Pourtant, même les perspectives les plus optimistes des analystes et des propres dirigeants du bloc au début de la guerre n'ont pas permis de prédire à quelle vitesse l'Europe pourrait évoluer. Il y a un an, l'Europe dépensait environ 1 milliard de dollars par jour pour payer le gaz, le pétrole et le charbon importés de Russie. Aujourd'hui, il paie une petite fraction de ce montant.

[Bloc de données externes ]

text \<open>Probability that the photon in mode i has internal state xi_k.\<close>
fun noise_prob :: "noise_model \<Rightarrow> real \<Rightarrow> nat \<Rightarrow> nat \<Rightarrow> real" where
  "noise_prob (URS R) \<epsilon> i k =
     (if k = 0 then 1 - \<epsilon> else if k \<le> R then \<epsilon> / real R else 0)"
| "noise_prob OBB \<epsilon> i k =
     (if k = 0 then 1 - \<epsilon> else if k = i + 1 then \<epsilon> else 0)"

text \<open>A finite set of internal labels containing the support of the noise model.\<close>
fun colours :: "noise_model \<Rightarrow> nat \<Rightarrow> nat set" where
  "colours (URS R) n = {..R}"
| "colours OBB n = {..n}"

definition configs :: "noise_model \<Rightarrow> nat \<Rightarrow> (nat \<Rightarrow> nat) set" where
  "configs model n = {..<n} \<rightarrow>\<^sub>E colours model n"

definition config_weight :: "noise_model \<Rightarrow> real \<Rightarrow> nat \<Rightarrow> (nat \<Rightarrow> nat) \<Rightarrow> real" where
  "config_weight model \<epsilon> n c = (\<Prod>i<n. noise_prob model \<epsilon> i (c i))"

definition herald_lossless :: "(nat \<Rightarrow> nat \<Rightarrow> complex) \<Rightarrow> nat \<Rightarrow> occ \<Rightarrow> bool" where
  "herald_lossless U n m \<longleftrightarrow>
     ideal U n (\<lambda>j. if j = 0 then n - (\<Sum>j'\<in>{1..<n}. mode_count m j') else mode_count m j)"

definition h_lossless :: "(nat \<Rightarrow> nat \<Rightarrow> complex) \<Rightarrow> nat \<Rightarrow> noise_model \<Rightarrow> real \<Rightarrow> real" where
  "h_lossless U n model \<epsilon> =
     (\<Sum>c\<in>configs model n. config_weight model \<epsilon> n c *
        (\<Sum>m\<in>outcomes n (colours model n).
           if herald_lossless U n m then (cmod (output_state U n c m))\<^sup>2 else 0))"

text \<open>Each of k photons survives independently with probability 1 - Lambda.\<close>
definition survive_prob :: "real \<Rightarrow> nat \<Rightarrow> nat \<Rightarrow> real" where
  "survive_prob \<Lambda> k t = real (k choose t) * (1 - \<Lambda>) ^ t * \<Lambda> ^ (k - t)"

definition herald_lossy_prob :: "(nat \<Rightarrow> nat \<Rightarrow> complex) \<Rightarrow> nat \<Rightarrow> real \<Rightarrow> occ \<Rightarrow> real" where
  "herald_lossy_prob U n \<Lambda> m =
     (\<Sum>t\<in>{1..<n} \<rightarrow>\<^sub>E {..n}.
        if ideal U n (\<lambda>j. if j = 0 then 1 else t j)
        then (\<Prod>j\<in>{1..<n}. survive_prob \<Lambda> (mode_count m j) (t j)) else 0)"

definition h_lossy :: "(nat \<Rightarrow> nat \<Rightarrow> complex) \<Rightarrow> nat \<Rightarrow> noise_model \<Rightarrow> real \<Rightarrow> real \<Rightarrow> real" where
  "h_lossy U n model \<epsilon> \<Lambda> =
     (\<Sum>c\<in>configs model n. config_weight model \<epsilon> n c *
        (\<Sum>m\<in>outcomes n (colours model n).
           (cmod (output_state U n c m))\<^sup>2 * herald_lossy_prob U n \<Lambda> m))"

end

theory Submission
  imports Defs
begin

(* A heralded lossless outcome stays heralded under loss with probability at least
   (1 - Lambda)^(n-1): it suffices that the n - 1 photons counted in modes 1..n-1 all survive.
   For epsilon = 0 this is the only way to be heralded.  Otherwise some ideal pattern (1, t) with
   t <= k differs from the lossless counts k, and then k arises from (1, t) by moving the photon of
   mode 0 into a single mode j0 >= 1.  Both patterns carry nonzero amplitude in the ideal output
   of F_(n_1,...,n_l), so both obey its suppression law: for every digit position t, the t-th
   mixed-radix digits of the occupied modes add up to a multiple of n_t.  Subtracting, every digit
   of j0 vanishes, so j0 = 0, a contradiction.  The suppression law holds because incrementing the
   t-th digit of the input mode permutes the commuting input creation operators, while it
   multiplies output column j by the root of unity exp(2 pi i digit_t(j) / n_t); hence the ideal
   output state is invariant under the corresponding phase operator. *)

section \<open>Roots of unity and mixed-radix digits\<close>

definition unit_root :: "nat \<Rightarrow> complex" where
  "unit_root N = exp (2 * complex_of_real pi * \<i> / of_nat N)"

lemma unit_root_power: "unit_root N ^ j = exp (2 * complex_of_real pi * \<i> * of_nat j / of_nat N)"
  unfolding unit_root_def by (simp flip: exp_of_nat_mult add: field_simps)

lemma unit_root_power_eq_1_iff: "N > 0 \<Longrightarrow> unit_root N ^ j = 1 \<longleftrightarrow> N dvd j"
  unfolding unit_root_power by (rule complex_root_unity_eq_1) simp

lemma unit_root_power_mod:
  assumes "N > 0"
  shows "unit_root N ^ j = unit_root N ^ (j mod N)"
proof -
  have "unit_root N ^ N = 1" using assms by (simp add: unit_root_power_eq_1_iff)
  moreover have "unit_root N ^ j = (unit_root N ^ N) ^ (j div N) * unit_root N ^ (j mod N)"
    by (simp flip: power_mult power_add)
  ultimately show ?thesis by simp
qed

lemma fourier_unit_root: "fourier N a b = unit_root N ^ (a * b) / complex_of_real (sqrt (real N))"
  unfolding fourier_def unit_root_power by (simp add: mult.assoc)

lemma fourier_Suc_mod:
  assumes "N > 0"
  shows "fourier N a (Suc b mod N) = unit_root N ^ a * fourier N a b"
proof -
  have "unit_root N ^ (a * (Suc b mod N)) = unit_root N ^ (a * Suc b)"
    using unit_root_power_mod[OF assms] by (metis mod_mult_right_eq)
  then show ?thesis
    unfolding fourier_unit_root by (simp add: power_add)
qed

lemma mixed_radix_digits:
  fixes a r q P N :: nat
  assumes "a < P" "r < N"
  shows "(a + P * r + P * N * q) mod P = a"
    and "(a + P * r + P * N * q) div P mod N = r"
    and "(a + P * r + P * N * q) div (P * N) = q"
proof -
  have eq: "a + P * r + P * N * q = a + P * (r + N * q)" by (simp add: algebra_simps)
  have div: "(a + P * r + P * N * q) div P = r + N * q"
    unfolding eq using assms(1) by simp
  show "(a + P * r + P * N * q) mod P = a" unfolding eq using assms(1) by simp
  show "(a + P * r + P * N * q) div P mod N = r" unfolding div using assms(2) by simp
  show "(a + P * r + P * N * q) div (P * N) = q"
    unfolding div_mult2_eq div using assms(2) by simp
qed

lemma mod_mult_div_eq_div_mod: "(z::nat) mod (P * N) div P = z div P mod N"
  by (cases "P = 0") (simp_all add: mod_mult2_eq)

lemma mixed_radix_recompose:
  fixes x P N :: nat
  shows "x = x mod P + P * (x div P mod N) + P * N * (x div (P * N))"
  using mod_mult2_eq[of x P N] div_mult_mod_eq[of x "P * N"] by (simp add: algebra_simps)

definition place_value :: "nat list \<Rightarrow> nat \<Rightarrow> nat" where
  "place_value ns t = prod_list (take t ns)"

lemma digit_place_value: "digit ns t x = x div place_value ns t mod ns ! t"
  unfolding digit_def place_value_def ..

"La Russie nous a fait chanter en menaçant de couper l'approvisionnement énergétique", a déclaré la présidente de la Commission européenne Ursula von der Leyen au début du mois. « Nous nous sommes complètement débarrassés de notre dépendance aux combustibles fossiles russes. C'est allé beaucoup plus vite que prévu. »

Les choses auraient pu être pires s'il n'y avait pas eu la transition de l'Europe vers une énergie propre qui avait commencé sérieusement il y a des années. C'est l'une des raisons pour lesquelles, même si le bloc a donné la priorité à toute source d'énergie qui n'était pas russe, les émissions en 2022 ont légèrement diminué au lieu d'augmenter. Et il y avait aussi une contribution significative du temps chaud - grâce au changement climatique - qui a réduit la demande de chauffage, et des industries polluantes qui ont tout simplement fermé parce qu'elles n'avaient pas les moyens de payer l'énergie nécessaire pour fonctionner.

Mais ce que l'année dernière a montré, c'est qu'il est possible d'aller de plus en plus vite dans le déploiement de panneaux solaires et de batteries, de réduire la consommation d'énergie et d'échanger en permanence des sources de combustibles fossiles bien ancrées.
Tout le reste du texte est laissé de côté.